You are right on the decoding of the ERP. As for getting a R22? Only the guy pulling your unit from the palet knows. It could be a R15/16/22.


----------



## dodge boy (Mar 31, 2006)

I received a follow up phone call from a tech, gave me a direct extension to his desk. Says, he wants to personally make sure I am satisfied and then said, "It looks like you are getting an R22". First time I ever got a follow up phone call for something like this...


----------



## paulman182 (Aug 4, 2006)

Perhaps he is in a market with MPEG4 SD locals, requiring an R22 or an HRxx.


----------



## turey22 (Jul 30, 2007)

I say you will get one if they called you to tell you...in there ordering system it tells you what type of receiver your getting.


----------



## dodge boy (Mar 31, 2006)

paulman182 said:


> Perhaps he is in a market with MPEG4 SD locals, requiring an R22 or an HRxx.

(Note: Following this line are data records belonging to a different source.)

lemma four_neq_zero_if_two_neq_zero:
  assumes "(2 :: 'a::{semiring_1, semiring_no_zero_divisors}) \<noteq> 0"
  shows "(4 :: 'a) \<noteq> 0"
  using assms by (metis mult_2_right numeral_Bit0 no_zero_divisors)

lemma rdickson3_at_quarter_mult_power:
  assumes "(2 :: 'a::field) \<noteq> 0"
  shows "2 ^ n * rdickson3 n 1 (1 / 4 :: 'a) = 2 * of_nat n"
proof (induction n rule: induct_nat_012)
  case 1
  then show ?case
    by (simp add: rdickson3_Suc_one_eq_sum[of 0 0])
next
  case (ge2 n)
  have "2 ^ Suc (Suc n) * rdickson3 (Suc (Suc n)) 1 (1 / 4 :: 'a)
      = 2 * (2 ^ Suc n * rdickson3 (Suc n) 1 (1 / 4)) - 2 ^ n * rdickson3 n 1 (1 / 4)"
    using four_neq_zero_if_two_neq_zero[OF assms] by (simp add: rdickson3_rec algebra_simps)
  also have "\<dots> = 2 * (2 * of_nat (Suc n)) - 2 * of_nat n"
    using ge2.IH by simp
  finally show ?case
    by (simp add: algebra_simps)
qed simp

lemma rdickson3_at_quarter:
  assumes "(2 :: 'a::field) \<noteq> 0" and "n \<ge> 1"
  shows "rdickson3 n 1 (1 / 4 :: 'a) = of_nat n / 2 ^ (n - 1)"
proof -
  obtain m where n: "n = Suc m"
    using assms(2) by (cases n) auto
  then have "2 * (2 ^ m * rdickson3 n 1 (1 / 4 :: 'a)) = 2 * of_nat n"
    using rdickson3_at_quarter_mult_power[OF assms(1), of n] by (simp add: mult.assoc)
  then have "2 ^ m * rdickson3 n 1 (1 / 4 :: 'a) = of_nat n"
    by (rule iffD1[OF mult_left_cancel[OF assms(1)]])
  then show ?thesis
    using assms(1) n by (simp add: eq_divide_eq mult.commute del: of_nat_Suc)
qed

lemma rdickson3_eq_divide:
  fixes y :: "'a::field"
  assumes "(2 :: 'a) \<noteq> 0" and "y \<noteq> 1/2"
  shows "rdickson3 n 1 (y * (1 - y)) = (y ^ n - (1 - y) ^ n) / (2 * y - 1)"
proof -
  have "2 * y - 1 \<noteq> 0"
    using assms by (auto simp: field_simps)
  then show ?thesis
    unfolding rdickson3_closed_form[symmetric] by simp
qed

lemma two_neq_zero_if_CHAR_neq_2:
  assumes "CHAR('a::{semiring_1, zero_neq_one}) \<noteq> 2"
  shows "(2 :: 'a) \<noteq> 0"
proof
  assume "(2 :: 'a) = 0"
  then have dvd: "CHAR('a) dvd 2"
    by (metis of_nat_eq_0_iff_char_dvd of_nat_numeral)
  then have "CHAR('a) \<le> 2"
    by (rule dvd_imp_le) simp
  moreover have "CHAR('a) \<noteq> 0"
    using dvd by (intro notI) simp
  ultimately
  show False using assms CHAR_not_1
    by (simp add: le_Suc_eq numeral_2_eq_2)
qed

lemma freshmans_dream_diff:
  fixes x y :: "'a::comm_ring_1"
  assumes "prime CHAR('a)" and "m = CHAR('a) ^ k"
  shows "(x - y) ^ m = x ^ m - y ^ m"
proof -
  have "x ^ m = (x - y + y) ^ m"
    by simp
  also have "\<dots> = (x - y) ^ m + y ^ m"
    by (rule freshmans_dream'[OF assms])
  finally show ?thesis
    by simp
qed

lemma pcompose_power_left: "pcompose (p ^ n) q = pcompose p q ^ n"
  by (induction n) (simp_all add: pcompose_mult pcompose_1)

lemma pcompose_rdickson3: "pcompose (rdickson3 n 1 [:0, 1:]) q = rdickson3 n 1 (q :: 'a::comm_ring_1 poly)"
  by (simp add: rdickson3_def pcompose_sum pcompose_mult pcompose_power_left pcompose_uminus
      pcompose_smult of_nat_poly pcompose_pCons)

Yes my locals are MPEG4...
I wonder if they check to see how you get your locals if one of your boxes dies? D* would hate for an R22 to die and someone get an R15 or 16 if they couldn't get your locals anymore.


----------



## Stuart Sweet (Jun 19, 2006)

Yes they do check. At any rate, the chances of getting an R15 or R16 are getting slimmer all the time.


----------



## LOCODUDE (Aug 8, 2007)

Stuart Sweet said:


> Yes they do check. At any rate, the chances of getting an R15 or R16 are getting slimmer all the time.


That is good to hear.............


----------



## dodge boy (Mar 31, 2006)

LOCODUDE said:


> That is good to hear.............


Indeed........


----------